--- Data shown Enclosed Below ---
lemma avg_edge_power_approx:
  assumes \<epsilon>: "0 < \<epsilon>"
  shows "\<exists>Y W. conv_prob_enn0 M Y \<and> (\<forall>n. W n \<in> borel_measurable M \<and> (\<integral>\<^sup>+ \<omega>. W n \<omega> \<partial>M) \<le> ennreal \<epsilon>)
    \<and> (\<forall>\<^sub>F n in sequentially. AE \<omega> in M. avg n (edge_power n) \<omega> \<le> Y n \<omega> + W n \<omega> + ennreal \<epsilon>)"
proof -
  obtain \<kappa> where \<kappa>: "\<And>n. 1 \<le> n \<Longrightarrow> cond_law_mix M (Fn M attr n) n (fstar n) (\<kappa> n)"
    and cost: "conv_prob_enn0 M (\<lambda>n \<omega>. transport_cost p (\<kappa> n \<omega>) limit_law)"
    using dp_conv_transport_cost[OF dp p] by blast
  define d where "d = 2 powr p * max 0 K powr p"
  obtain m where m: "ennreal d * emeasure \<mu>r (tail_nbhd \<phi> m) \<le> ennreal \<epsilon>"
    using ennreal_tendsto_0_cmult_le[OF emeasure_root_tail_nbhd \<epsilon>] by (meson order_refl)
  define b where "b = 2 powr p * real m powr p"
  have "(\<lambda>a. ennreal (2 powr p) * tail_moment p limit_law (real a)) \<longlonglongrightarrow> 0"
    using ennreal_tendsto_cmult[OF _ tail_moment_limit_law, of "ennreal (2 powr p)"] by simp
  then obtain N where "\<And>a. N \<le> a \<Longrightarrow> ennreal b * (ennreal (2 powr p) * tail_moment p limit_law (real a)) \<le> ennreal \<epsilon>"
    using ennreal_tendsto_0_cmult_le[OF _ \<epsilon>] by blast
  from this[of "N + 2"] have A: "2 \<le> real (N + 2)"
    "ennreal b * (ennreal (2 powr p) * tail_moment p limit_law (real (N + 2))) \<le> ennreal \<epsilon>"
    by auto
  define A where "A = real (N + 2)"
  define Y where "Y n \<omega> = ennreal (b * A powr p) * ennreal \<bar>good_fraction n \<omega> - 1\<bar>
      + ennreal b * (ennreal (2 powr p * (1 + 2 powr p)) * transport_cost p (\<kappa> n \<omega>) limit_law)
      + ennreal (d * (real m + 1)) * avg n (\<lambda>i \<omega>. ennreal (rho (gmark E attr n i \<omega>) (Xt n i [] \<omega>))) \<omega>"
    for n \<omega>
  define W where "W n \<omega> = ennreal d * avg n (\<lambda>i \<omega>. indicator (tail_nbhd \<phi> m) (Xt n i [] \<omega>)) \<omega>" for n \<omega>
  have "conv_prob_enn0 M Y"
    unfolding Y_def using conv_prob_enn0_abs_diff[OF good] cost roots M
    by (intro conv_prob_enn0_add conv_prob_enn0_cmult) (auto simp: b_def d_def prob_space_def)
  moreover have "W n \<in> borel_measurable M" for n unfolding W_def by measurable
  moreover have "(\<integral>\<^sup>+ \<omega>. W n \<omega> \<partial>M) \<le> ennreal \<epsilon>" for n
  proof (cases "n = 0")
    case False
    interpret finite_measure_subalgebra M "Fn M attr n" by (rule finite_measure_subalgebra_Fn)
    have "(\<integral>\<^sup>+ \<omega>. W n \<omega> \<partial>M) = ennreal d * emeasure \<mu>r (tail_nbhd \<phi> m)"
      unfolding W_def using False Xt
      by (subst nn_integral_cmult, measurable, subst nn_integral_avg_cond_exp_indicator) auto
    with m show ?thesis by simp
  qed (simp add: W_def avg_cond_exp_def)
  moreover have "AE \<omega> in M. avg n (edge_power n) \<omega> \<le> Y n \<omega> + W n \<omega> + ennreal \<epsilon>" if n: "1 \<le> n" for n
    using avg_edge_power_le[OF n \<kappa>[OF n] A(1), of m] unfolding A_def[symmetric]
  proof eventually_elim
    case (elim \<omega>)
    have "avg n (edge_power n) \<omega> \<le> Y n \<omega> + W n \<omega> + ennreal b * (ennreal (2 powr p) * tail_moment p limit_law A)"
      using elim unfolding Y_def W_def b_def d_def by (simp add: distrib_left add_ac)
    also have "\<dots> \<le> Y n \<omega> + W n \<omega> + ennreal \<epsilon>" using A(2) unfolding A_def by (intro add_left_mono)
    finally show ?case .
  qed
  ultimately show ?thesis unfolding eventually_sequentially by blast
qed
lemma summable_resolvent_coeffs:
  fixes lam \<beta> c :: "nat \<Rightarrow> real"
  assumes lam: "filterlim lam at_bot sequentially" and \<beta>: "summable (\<lambda>k. (\<beta> k)\<^sup>2)"
    and c: "\<forall>\<^sub>F k in sequentially. c k = \<beta> k / (lam k - g)"
  shows "summable (\<lambda>k. (c k)\<^sup>2 * (1 + (lam k)\<^sup>2))"
proof (rule summable_comparison_test_ev)
  have "\<forall>\<^sub>F k in sequentially. lam k \<le> g - 1"
    using lam by (simp add: filterlim_at_bot)
  with c show "\<forall>\<^sub>F k in sequentially. norm ((c k)\<^sup>2 * (1 + (lam k)\<^sup>2)) \<le> (3 + 2 * g\<^sup>2) * (\<beta> k)\<^sup>2"
  proof eventually_elim
    case (elim k)
    then show ?case using resolvent_coeff_bound[of "lam k" g "\<beta> k"] by simp
  qed
  show "summable (\<lambda>k. (3 + 2 * g\<^sup>2) * (\<beta> k)\<^sup>2)" using \<beta> by (rule summable_mult)
qed

lemma sum_resolvent_split:
  fixes c \<beta> lam f :: "nat \<Rightarrow> real"
  assumes c: "\<And>k. K \<le> k \<Longrightarrow> c k * (lam k - g) = \<beta> k" and "K \<le> n"
  shows "(\<Sum>k<n. (c k * lam k) * f k)
    = (\<Sum>k<n. \<beta> k * f k) + g * (\<Sum>k<n. c k * f k) + (\<Sum>k<K. (c k * lam k - \<beta> k - g * c k) * f k)"
proof -
  have "(\<Sum>k<n. (c k * lam k) * f k)
      = (\<Sum>k<n. \<beta> k * f k + g * (c k * f k) + (c k * lam k - \<beta> k - g * c k) * f k)"
    by (simp add: algebra_simps)
  also have "\<dots> = (\<Sum>k<n. \<beta> k * f k) + g * (\<Sum>k<n. c k * f k)
      + (\<Sum>k<n. (c k * lam k - \<beta> k - g * c k) * f k)"
    by (simp add: sum.distrib sum_distrib_left)
  also have "(\<Sum>k<n. (c k * lam k - \<beta> k - g * c k) * f k) = (\<Sum>k<K. (c k * lam k - \<beta> k - g * c k) * f k)"
    using c \<open>K \<le> n\<close> by (intro sum.mono_neutral_right) (auto simp: algebra_simps)
  finally show ?thesis .
qed

locale circle_eigenbasis =
  fixes \<sigma> :: real and A :: "real \<Rightarrow> real" and b b' :: "nat \<Rightarrow> real \<Rightarrow> real" and lam :: "nat \<Rightarrow> real"
  assumes sigma_pos: "\<sigma> > 0"
    and A_continuous: "continuous_on UNIV A" and A_periodic: "periodic2pi A"
    and b_periodic: "\<And>k. periodic2pi (b k)"
    and b_deriv: "\<And>k x. (b k has_real_derivative b' k x) (at x)"
    and b'_deriv: "\<And>k x. (b' k has_real_derivative (lam k - A x) * b k x / \<sigma>) (at x)"
    and b_orthonormal: "\<And>j k. integral {0..2*pi} (\<lambda>x. b j x * b k x) = (if j = k then 1 else 0)"
    and b_complete: "\<And>f. continuous_on UNIV f \<Longrightarrow>
      (\<lambda>n. integral {0..2*pi} (\<lambda>x. (f x - (\<Sum>k<n. integral {0..2*pi} (\<lambda>y. f y * b k y) * b k x))\<^sup>2))
        \<longlonglongrightarrow> 0"
    and lam_to_bot: "filterlim lam at_bot sequentially"
begin

lemma continuous_on_b [continuous_intros]: "continuous_on S (b k)"
  using b_deriv by (meson DERIV_isCont continuous_at_imp_continuous_on)

lemma continuous_on_b' [continuous_intros]: "continuous_on S (b' k)"
  using b'_deriv by (meson DERIV_isCont continuous_at_imp_continuous_on)

lemma continuous_on_A [continuous_intros]: "continuous_on S A"
  using A_continuous continuous_on_subset by blast
(* Let $G$ be a connected graph with $n\geq 2$ vertices and $m$ edges, and let $S(G)$ be its subdivision. Then $$R^+(S(G))=4R^+(G)+4R^*(G)+(m+n)(m-n+1)+2m(m-n).$$
   Context: All graphs are finite, undirected, without loops or multiple edges. For a connected graph $H$ and vertices $i,j$, the resistance distance $\Omega_{ij}$ is the effective resistance between $i$ and $j$ in the electrical network obtained from $H$ by replacing each edge by a unit resistor. With $d_i$ the degree of vertex $i$ in $H$ and sums over unordered pairs of distinct vertices of $H$: the Kirchhoff index is $R(H)=\sum_{\{i,j\}\subseteq V(H)}\Omega_{ij}$, the additive degree-Kirchhoff index is $R^+(H)=\sum_{\{i,j\}\subseteq V(H)}(d_i+d_j)\Omega_{ij}$, and the multiplicative degree-Kirchhoff index is $R^*(H)=\sum_{\{i,j\}\subseteq V(H)}d_id_j\Omega_{ij}$ (all computed in $H$ itself, with degrees and resistances of $H$). The subdivision $S(G)$ is the graph obtained from $G$ by replacing every edge with a path of length two (i.e., inserting one new vertex of degree 2 on each edge). *)

theory Defs
  imports Complex_Main
begin

definition simple_graph :: "'a set \<Rightarrow> ('a \<Rightarrow> 'a \<Rightarrow> bool) \<Rightarrow> bool" where
  "simple_graph V E \<longleftrightarrow> finite V \<and> (\<forall>x y. E x y \<longrightarrow> x \<in> V \<and> y \<in> V)
     \<and> (\<forall>x y. E x y \<longrightarrow> E y x) \<and> (\<forall>x. \<not> E x x)"
lemma lp_inj:
  assumes "(i, j) \<in> E" "(i, j') \<in> E" "lp cen i j = lp cen i j'"
  shows "j = j'"
proof (rule ccontr)
  assume "j \<noteq> j'"
  define D where "D = cmod (cen j - cen i)"
  define D' where "D' = cmod (cen j' - cen i)"
  have D: "2 < D" "D \<le> 2 + eps" "2 < D'" "D' \<le> 2 + eps"
    using centers_far edge_bounds[OF assms(1)] edge_bounds[OF assms(2)] unfolding D_def D'_def by auto
  define e where "e = (cen j - cen i) / of_real D"
  have "(cen j' - cen i) / of_real D' = e" using assms(3) unfolding e_def lp_def D_def D'_def by simp
  then have eq: "cen j - cen i = of_real D * e" "cen j' - cen i = of_real D' * e"
    using D unfolding e_def by (auto simp: field_simps)
  have "cen j - cen j' = (cen j - cen i) - (cen j' - cen i)" by simp
  also have "\<dots> = of_real (D - D') * e" unfolding eq by (simp add: algebra_simps)
  finally have "cmod (cen j - cen j') = \<bar>D - D'\<bar> * cmod e" by (simp only: norm_mult norm_of_real)
  moreover have "cmod e = 1" using D(1) unfolding e_def by (auto simp: norm_divide D_def)
  moreover have "\<bar>D - D'\<bar> < 2" using D eps_bounds by auto
  ultimately have "cmod (cen j - cen j') < 2" by simp
  then show False using centers_far \<open>j \<noteq> j'\<close> edge_bounds[OF assms(1)] edge_bounds[OF assms(2)] by fastforce
qed

lemma cp_edge_endpoint:
  assumes "(a, b) \<in> E" "(a', b') \<in> E" "cp cen a b = cp cen a' b'" "x = a' \<or> x = b'"
  shows "x = a \<or> x = b"
proof (rule ccontr)
  assume far: "\<not> (x = a \<or> x = b)"
  have "x < n" "a < n" "b < n" using assms edge_bounds by auto
  \<comment> \<open>\<open>cen x\<close> lies within \<open>5/4\<close> of the common midpoint, so by the parallelogram law it cannot be farther than 2 from both \<open>cen a\<close> and \<open>cen b\<close>\<close>
  have mid: "(cen a + cen b) / 2 = (cen a' + cen b') / 2" using assms(3) by (simp add: cp_midpoint)
  have "cmod (cen x - (cen a' + cen b') / 2) = cmod (cen b' - cen a') / 2"
    using assms(4) by (auto simp: norm_divide norm_minus_commute field_simps simp flip: diff_divide_distrib)
  then have "cmod (cen x - (cen a + cen b) / 2) \<le> 5/4"
    unfolding mid using edge_bounds(4)[OF assms(2)] eps_bounds by simp
  moreover have "cmod (cen a - cen b) \<le> 5/2"
    using edge_bounds(4)[OF assms(1)] eps_bounds by (simp add: norm_minus_commute)
  ultimately have "cmod (cen x - cen a) ^ 2 + cmod (cen x - cen b) ^ 2 \<le> 2 * (5/4) ^ 2 + (5/2) ^ 2 / 2"
    unfolding parallelogram_law_midpoint by (intro add_mono mult_left_mono divide_right_mono power_mono) auto
  moreover have "2 < cmod (cen x - cen a)" "2 < cmod (cen x - cen b)"
    using centers_far[of a x] centers_far[of b x] far \<open>x < n\<close> \<open>a < n\<close> \<open>b < n\<close> by auto
  then have "2 ^ 2 < cmod (cen x - cen a) ^ 2" "2 ^ 2 < cmod (cen x - cen b) ^ 2"
    using power_strict_mono[of 2 _ 2] by simp_all
  ultimately show False by (simp add: power_divide)
qed

lemma cp_edge_unique:
  assumes "(a, b) \<in> E" "(a', b') \<in> E" "cp cen a b = cp cen a' b'"
  shows "(a', b') = (a, b) \<or> (a', b') = (b, a)"
  using cp_edge_endpoint[OF assms, of a'] cp_edge_endpoint[OF assms, of b'] edge_bounds(3)[OF assms(2)] by auto

abbreviation at_link :: "nat \<Rightarrow> real \<Rightarrow> bool" where
  "at_link i s \<equiv> \<exists>j. hit E cen f g i s j"

abbreviation has_link :: "nat \<Rightarrow> bool" where
  "has_link i \<equiv> \<exists>s. at_link i s"

lemma hit_edge: "hit E cen f g i s j \<Longrightarrow> (i, j) \<in> E"
  unfolding hit_def by simp

lemma hit_add_int: "hit E cen f g i (s + of_int K) j \<longleftrightarrow> hit E cen f g i s j"
  unfolding hit_def by (simp add: pos_add_int)

lemma at_link_add_int: "at_link i (s + of_int K) \<longleftrightarrow> at_link i s"
  by (simp add: hit_add_int)

lemma at_link_diff_int: "at_link i (s - of_int K) \<longleftrightarrow> at_link i s"
  using at_link_add_int[of i "s - of_int K" K] by simp

lemma hit_sym: "hit E cen f g a s b \<Longrightarrow> hit E cen f g b s a"
  using is_SCS edge_sym unfolding hit_def SCS_def synchronized_def by fast

lemma hit_the: "hit E cen f g a s b \<Longrightarrow> (THE j. hit E cen f g a s j) = b"
  by (rule the_equality) (auto simp: hit_def intro: lp_inj)

lemma hit_times_differ_by_int:
  assumes "hit E cen f g i s j" "hit E cen f g i s' j"
  obtains K :: int where "s' = s + of_int K"
  using assms pos_eq_pos_imp_int[of g i cen f s' s] direction_unit edge_bounds(1) hit_edge
  unfolding hit_def by metis

lemma finite_link_times: "finite {s. at_link i s \<and> A \<le> s \<and> s \<le> B}"
proof -
  have "finite {s. hit E cen f g i s j \<and> A \<le> s \<and> s \<le> B}" for j
  proof (cases "\<exists>s0. hit E cen f g i s0 j")
    case True
    then obtain s0 where s0: "hit E cen f g i s0 j" by blast
    have "{s. hit E cen f g i s j \<and> A \<le> s \<and> s \<le> B} \<subseteq> (\<lambda>K. s0 + of_int K) ` {\<lceil>A - s0\<rceil>..\<lfloor>B - s0\<rfloor>}"
    proof
      fix s assume s: "s \<in> {s. hit E cen f g i s j \<and> A \<le> s \<and> s \<le> B}"
      then obtain K where "s = s0 + of_int K" using hit_times_differ_by_int[OF s0] by blast
      with s show "s \<in> (\<lambda>K. s0 + of_int K) ` {\<lceil>A - s0\<rceil>..\<lfloor>B - s0\<rfloor>}"
        by (auto simp: ceiling_le_iff le_floor_iff)
    qed
    then show ?thesis by (rule finite_subset) simp
  qed simp
  moreover have "{s. at_link i s \<and> A \<le> s \<and> s \<le> B} = (\<Union>j<n. {s. hit E cen f g i s j \<and> A \<le> s \<and> s \<le> B})"
    by (auto dest: edge_bounds(2)[OF hit_edge])
  ultimately show ?thesis by simp
qed

lemma has_link_of_edge:
  assumes "(i, k) \<in> E"
  shows "has_link i"
proof -
  define z where "z = cen k - cen i"
  have "z \<noteq> 0" using centers_far edge_bounds[OF assms] unfolding z_def by force
  have g: "g i \<in> {-1, 1}" using direction_unit edge_bounds(1)[OF assms] .
  \<comment> \<open>the robot faces \<open>C\<^sub>k\<close> when its angle equals \<open>Arg z\<close>\<close>
  define s where "s = (Arg z - f i) / (2 * pi * of_int (g i))"
  have "f i + 2 * pi * of_int (g i) * s = Arg z" unfolding s_def using g by auto
  then have "pos cen f g i s = cen i + z / of_real (cmod z)"
    unfolding pos_def using cis_Arg[OF \<open>z \<noteq> 0\<close>] by (simp add: Complex.sgn_eq)
  then have "hit E cen f g i s k" unfolding hit_def lp_def z_def using assms by simp
  then show ?thesis by blast
qed

lemma has_link:
  assumes "i < n" "j < n" "i \<noteq> j"
  shows "has_link i"
proof -
  have "(i, j) \<in> (E \<inter> {..<n} \<times> {..<n})\<^sup>*" using is_SCS assms unfolding SCS_def connected_on_def by auto
  then obtain k where "(i, k) \<in> E" using assms(3) by (metis converse_rtranclE Int_iff)
  then show ?thesis by (rule has_link_of_edge)
qed

lemma least_link_time:
  assumes "has_link i" and above: "\<And>s. \<tau> + 1 \<le> s \<Longrightarrow> P s" and below: "\<And>s. P s \<Longrightarrow> \<tau> \<le> s"
  defines "T \<equiv> {s. P s \<and> at_link i s}"
  shows "Inf T \<in> T" "\<And>s. s \<in> T \<Longrightarrow> Inf T \<le> s"
proof -
  obtain s0 where "at_link i s0" using assms(1) by blast
  define s1 where "s1 = s0 + of_int \<lceil>\<tau> + 1 - s0\<rceil>"
  have "\<tau> + 1 \<le> s1" unfolding s1_def using le_of_int_ceiling[of "\<tau> + 1 - s0"] by linarith
  then have "s1 \<in> T" unfolding T_def s1_def using above \<open>at_link i s0\<close> at_link_add_int by auto
  moreover have "finite {s \<in> T. s \<le> s1}"
    using below unfolding T_def by (auto intro: rev_finite_subset[OF finite_link_times[of i \<tau> s1]])
  ultimately show "Inf T \<in> T" "\<And>s. s \<in> T \<Longrightarrow> Inf T \<le> s"
    using Inf_minimum_if_finite_below by blast+
qed

definition first_link :: "nat \<Rightarrow> real \<Rightarrow> real" where
  "first_link i \<tau> = Inf {s. \<tau> \<le> s \<and> at_link i s}"

definition next_link :: "nat \<Rightarrow> real \<Rightarrow> real" where
  "next_link i \<tau> = Inf {s. \<tau> < s \<and> at_link i s}"

lemma first_link:
  assumes "has_link i"
  shows "at_link i (first_link i \<tau>)" "\<tau> \<le> first_link i \<tau>"
    "\<And>s. at_link i s \<Longrightarrow> \<tau> \<le> s \<Longrightarrow> first_link i \<tau> \<le> s"
  using least_link_time[OF assms, of \<tau> "\<lambda>s. \<tau> \<le> s"] unfolding first_link_def by auto

lemma next_link:
  assumes "has_link i"
  shows "at_link i (next_link i \<tau>)" "\<tau> < next_link i \<tau>"
    "\<And>s. at_link i s \<Longrightarrow> \<tau> < s \<Longrightarrow> next_link i \<tau> \<le> s"
  using least_link_time[OF assms, of \<tau> "\<lambda>s. \<tau> < s"] unfolding next_link_def by auto

lemma first_link_add_int:
  assumes "has_link i"
  shows "first_link i (\<tau> + of_int K) = first_link i \<tau> + of_int K"
proof (rule antisym)
  show "first_link i (\<tau> + of_int K) \<le> first_link i \<tau> + of_int K"
    by (rule first_link(3)[OF assms]) (simp_all add: at_link_add_int first_link(1,2)[OF assms])
  have "first_link i \<tau> \<le> first_link i (\<tau> + of_int K) - of_int K"
    by (rule first_link(3)[OF assms]) (simp_all add: at_link_diff_int first_link(1,2)[OF assms] algebra_simps)
  then show "first_link i \<tau> + of_int K \<le> first_link i (\<tau> + of_int K)" by simp
qed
--- End of Enclosed Data shown ---
Return, with no change at all, every line in the entries above from the line containing "K) = first_link" through the line containing "by (rule first_link(3)[OF assms]) (simp_all add: at_link_add_int".

  shows "first_link i (\<tau> + of_int K) = first_link i \<tau> + of_int K"
proof (rule antisym)
  show "first_link i (\<tau> + of_int K) \<le> first_link i \<tau> + of_int K"
    by (rule first_link(3)[OF assms]) (simp_all add: at_link_add_int first_link(1,2)[OF assms])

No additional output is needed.